## Material to process
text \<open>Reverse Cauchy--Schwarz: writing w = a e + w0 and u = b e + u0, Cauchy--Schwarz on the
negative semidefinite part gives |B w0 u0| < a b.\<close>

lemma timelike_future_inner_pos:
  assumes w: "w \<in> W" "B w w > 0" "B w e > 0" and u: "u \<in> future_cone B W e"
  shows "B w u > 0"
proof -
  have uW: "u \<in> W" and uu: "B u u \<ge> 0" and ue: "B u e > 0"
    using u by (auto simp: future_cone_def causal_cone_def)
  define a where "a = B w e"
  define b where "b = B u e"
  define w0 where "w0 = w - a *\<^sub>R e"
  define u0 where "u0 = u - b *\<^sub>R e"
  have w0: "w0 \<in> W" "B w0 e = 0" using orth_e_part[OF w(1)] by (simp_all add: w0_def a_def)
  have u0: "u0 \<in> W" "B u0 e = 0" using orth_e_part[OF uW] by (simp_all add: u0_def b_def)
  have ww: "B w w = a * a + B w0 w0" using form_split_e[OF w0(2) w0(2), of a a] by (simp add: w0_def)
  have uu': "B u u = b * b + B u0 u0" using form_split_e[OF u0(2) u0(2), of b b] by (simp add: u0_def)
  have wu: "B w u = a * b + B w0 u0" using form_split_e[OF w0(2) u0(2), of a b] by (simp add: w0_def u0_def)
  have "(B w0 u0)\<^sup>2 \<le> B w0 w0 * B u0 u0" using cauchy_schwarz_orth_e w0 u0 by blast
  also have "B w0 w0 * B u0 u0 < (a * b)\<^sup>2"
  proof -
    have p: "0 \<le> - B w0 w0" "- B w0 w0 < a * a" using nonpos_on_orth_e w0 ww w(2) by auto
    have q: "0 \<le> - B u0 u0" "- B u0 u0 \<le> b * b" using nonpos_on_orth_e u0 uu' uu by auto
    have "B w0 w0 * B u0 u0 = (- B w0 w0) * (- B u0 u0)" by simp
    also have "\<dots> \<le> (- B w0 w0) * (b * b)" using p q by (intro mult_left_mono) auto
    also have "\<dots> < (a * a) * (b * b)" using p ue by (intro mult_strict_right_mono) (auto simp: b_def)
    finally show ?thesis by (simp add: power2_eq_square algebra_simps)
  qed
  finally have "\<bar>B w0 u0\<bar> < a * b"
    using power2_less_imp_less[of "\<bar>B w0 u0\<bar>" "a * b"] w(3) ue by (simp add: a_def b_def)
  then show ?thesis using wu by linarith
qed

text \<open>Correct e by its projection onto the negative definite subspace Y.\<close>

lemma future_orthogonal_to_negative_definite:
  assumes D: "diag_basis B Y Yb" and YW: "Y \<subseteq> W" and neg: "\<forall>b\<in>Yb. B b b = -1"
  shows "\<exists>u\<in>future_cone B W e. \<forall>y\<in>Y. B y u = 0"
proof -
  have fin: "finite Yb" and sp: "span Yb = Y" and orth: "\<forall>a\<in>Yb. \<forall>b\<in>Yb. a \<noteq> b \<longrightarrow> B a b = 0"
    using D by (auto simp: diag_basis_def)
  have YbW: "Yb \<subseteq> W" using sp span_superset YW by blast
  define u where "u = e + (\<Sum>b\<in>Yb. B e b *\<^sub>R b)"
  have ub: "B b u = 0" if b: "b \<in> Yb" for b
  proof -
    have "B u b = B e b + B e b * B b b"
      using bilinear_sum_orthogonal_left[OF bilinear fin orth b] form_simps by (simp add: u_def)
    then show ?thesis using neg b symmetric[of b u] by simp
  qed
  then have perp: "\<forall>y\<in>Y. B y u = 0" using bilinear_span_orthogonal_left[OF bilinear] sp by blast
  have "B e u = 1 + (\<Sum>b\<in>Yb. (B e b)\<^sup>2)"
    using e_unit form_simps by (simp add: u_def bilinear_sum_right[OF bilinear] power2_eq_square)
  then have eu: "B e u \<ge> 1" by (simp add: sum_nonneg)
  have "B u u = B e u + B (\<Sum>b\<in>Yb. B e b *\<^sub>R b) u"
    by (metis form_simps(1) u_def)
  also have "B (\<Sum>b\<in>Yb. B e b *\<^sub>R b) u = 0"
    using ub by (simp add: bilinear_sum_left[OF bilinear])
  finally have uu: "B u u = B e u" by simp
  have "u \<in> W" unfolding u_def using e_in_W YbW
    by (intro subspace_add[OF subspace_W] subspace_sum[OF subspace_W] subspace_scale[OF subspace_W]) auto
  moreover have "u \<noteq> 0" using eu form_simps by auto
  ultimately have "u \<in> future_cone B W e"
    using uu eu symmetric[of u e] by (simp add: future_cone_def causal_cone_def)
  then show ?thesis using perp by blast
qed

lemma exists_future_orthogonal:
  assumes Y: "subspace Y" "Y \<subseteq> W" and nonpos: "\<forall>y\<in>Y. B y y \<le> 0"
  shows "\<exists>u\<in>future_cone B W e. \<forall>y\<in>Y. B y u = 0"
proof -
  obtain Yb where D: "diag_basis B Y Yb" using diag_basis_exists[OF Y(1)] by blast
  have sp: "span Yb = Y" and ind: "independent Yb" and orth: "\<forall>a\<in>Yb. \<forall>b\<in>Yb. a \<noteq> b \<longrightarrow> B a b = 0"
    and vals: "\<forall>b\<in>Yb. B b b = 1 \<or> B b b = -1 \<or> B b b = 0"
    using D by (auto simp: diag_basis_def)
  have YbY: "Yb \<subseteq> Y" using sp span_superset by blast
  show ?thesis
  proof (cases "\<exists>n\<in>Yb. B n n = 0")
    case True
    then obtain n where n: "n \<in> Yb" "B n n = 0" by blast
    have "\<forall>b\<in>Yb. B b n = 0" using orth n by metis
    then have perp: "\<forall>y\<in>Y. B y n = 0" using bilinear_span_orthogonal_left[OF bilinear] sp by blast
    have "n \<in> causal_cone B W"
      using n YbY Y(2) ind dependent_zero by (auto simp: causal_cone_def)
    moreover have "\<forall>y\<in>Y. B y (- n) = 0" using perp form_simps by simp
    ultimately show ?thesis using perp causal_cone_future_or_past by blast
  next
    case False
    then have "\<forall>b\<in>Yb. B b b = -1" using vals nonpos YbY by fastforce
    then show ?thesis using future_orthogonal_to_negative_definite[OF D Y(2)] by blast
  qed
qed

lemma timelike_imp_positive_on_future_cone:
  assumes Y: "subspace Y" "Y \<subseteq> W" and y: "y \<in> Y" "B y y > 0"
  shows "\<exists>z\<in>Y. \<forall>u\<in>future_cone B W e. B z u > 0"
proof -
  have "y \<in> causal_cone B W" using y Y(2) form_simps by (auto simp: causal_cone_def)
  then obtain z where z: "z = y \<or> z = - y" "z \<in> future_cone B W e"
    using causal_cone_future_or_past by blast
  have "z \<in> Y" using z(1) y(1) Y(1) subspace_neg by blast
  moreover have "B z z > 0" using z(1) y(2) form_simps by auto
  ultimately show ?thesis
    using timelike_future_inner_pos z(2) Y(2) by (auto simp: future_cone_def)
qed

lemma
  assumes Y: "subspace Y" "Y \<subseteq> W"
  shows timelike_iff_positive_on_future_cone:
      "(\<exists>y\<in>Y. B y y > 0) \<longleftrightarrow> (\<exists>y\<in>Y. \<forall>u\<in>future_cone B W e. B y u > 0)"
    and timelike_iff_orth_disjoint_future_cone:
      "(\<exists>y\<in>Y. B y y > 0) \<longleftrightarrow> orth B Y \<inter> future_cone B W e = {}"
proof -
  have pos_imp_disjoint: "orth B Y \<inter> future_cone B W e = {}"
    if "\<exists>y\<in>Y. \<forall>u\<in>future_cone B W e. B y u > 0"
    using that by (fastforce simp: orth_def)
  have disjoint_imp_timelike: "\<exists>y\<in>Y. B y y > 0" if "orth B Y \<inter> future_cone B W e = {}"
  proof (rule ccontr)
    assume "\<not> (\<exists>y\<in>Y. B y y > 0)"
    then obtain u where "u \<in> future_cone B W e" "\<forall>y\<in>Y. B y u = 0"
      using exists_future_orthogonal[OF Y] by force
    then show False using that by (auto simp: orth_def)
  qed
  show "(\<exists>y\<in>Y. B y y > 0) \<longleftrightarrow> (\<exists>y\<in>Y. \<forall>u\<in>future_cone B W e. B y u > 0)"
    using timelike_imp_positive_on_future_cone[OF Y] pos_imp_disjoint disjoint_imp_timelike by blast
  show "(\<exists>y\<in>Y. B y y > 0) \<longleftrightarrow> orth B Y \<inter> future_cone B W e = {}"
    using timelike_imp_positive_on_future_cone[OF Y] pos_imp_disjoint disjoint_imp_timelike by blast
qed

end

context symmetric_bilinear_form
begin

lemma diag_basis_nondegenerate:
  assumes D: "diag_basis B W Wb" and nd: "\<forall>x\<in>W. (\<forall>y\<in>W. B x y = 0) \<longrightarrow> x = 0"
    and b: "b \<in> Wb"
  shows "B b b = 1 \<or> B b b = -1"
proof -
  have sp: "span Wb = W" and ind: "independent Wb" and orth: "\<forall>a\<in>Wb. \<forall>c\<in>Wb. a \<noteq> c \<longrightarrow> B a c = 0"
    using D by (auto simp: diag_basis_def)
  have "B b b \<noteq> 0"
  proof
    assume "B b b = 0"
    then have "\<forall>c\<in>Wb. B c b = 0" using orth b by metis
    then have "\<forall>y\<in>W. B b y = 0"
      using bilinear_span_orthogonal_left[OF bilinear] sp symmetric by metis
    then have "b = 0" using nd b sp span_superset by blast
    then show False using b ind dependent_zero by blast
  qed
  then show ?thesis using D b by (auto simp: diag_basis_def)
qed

## Work required
Only lines of the data holding the word "independent" go in the answer. Please copy each of them.

## Response to this task
  have sp: "span Yb = Y" and ind: "independent Yb" and orth: "\<forall>a\<in>Yb. \<forall>b\<in>Yb. a \<noteq> b \<longrightarrow> B a b = 0"
  have sp: "span Wb = W" and ind: "independent Wb" and orth: "\<forall>a\<in>Wb. \<forall>c\<in>Wb. a \<noteq> c \<longrightarrow> B a c = 0"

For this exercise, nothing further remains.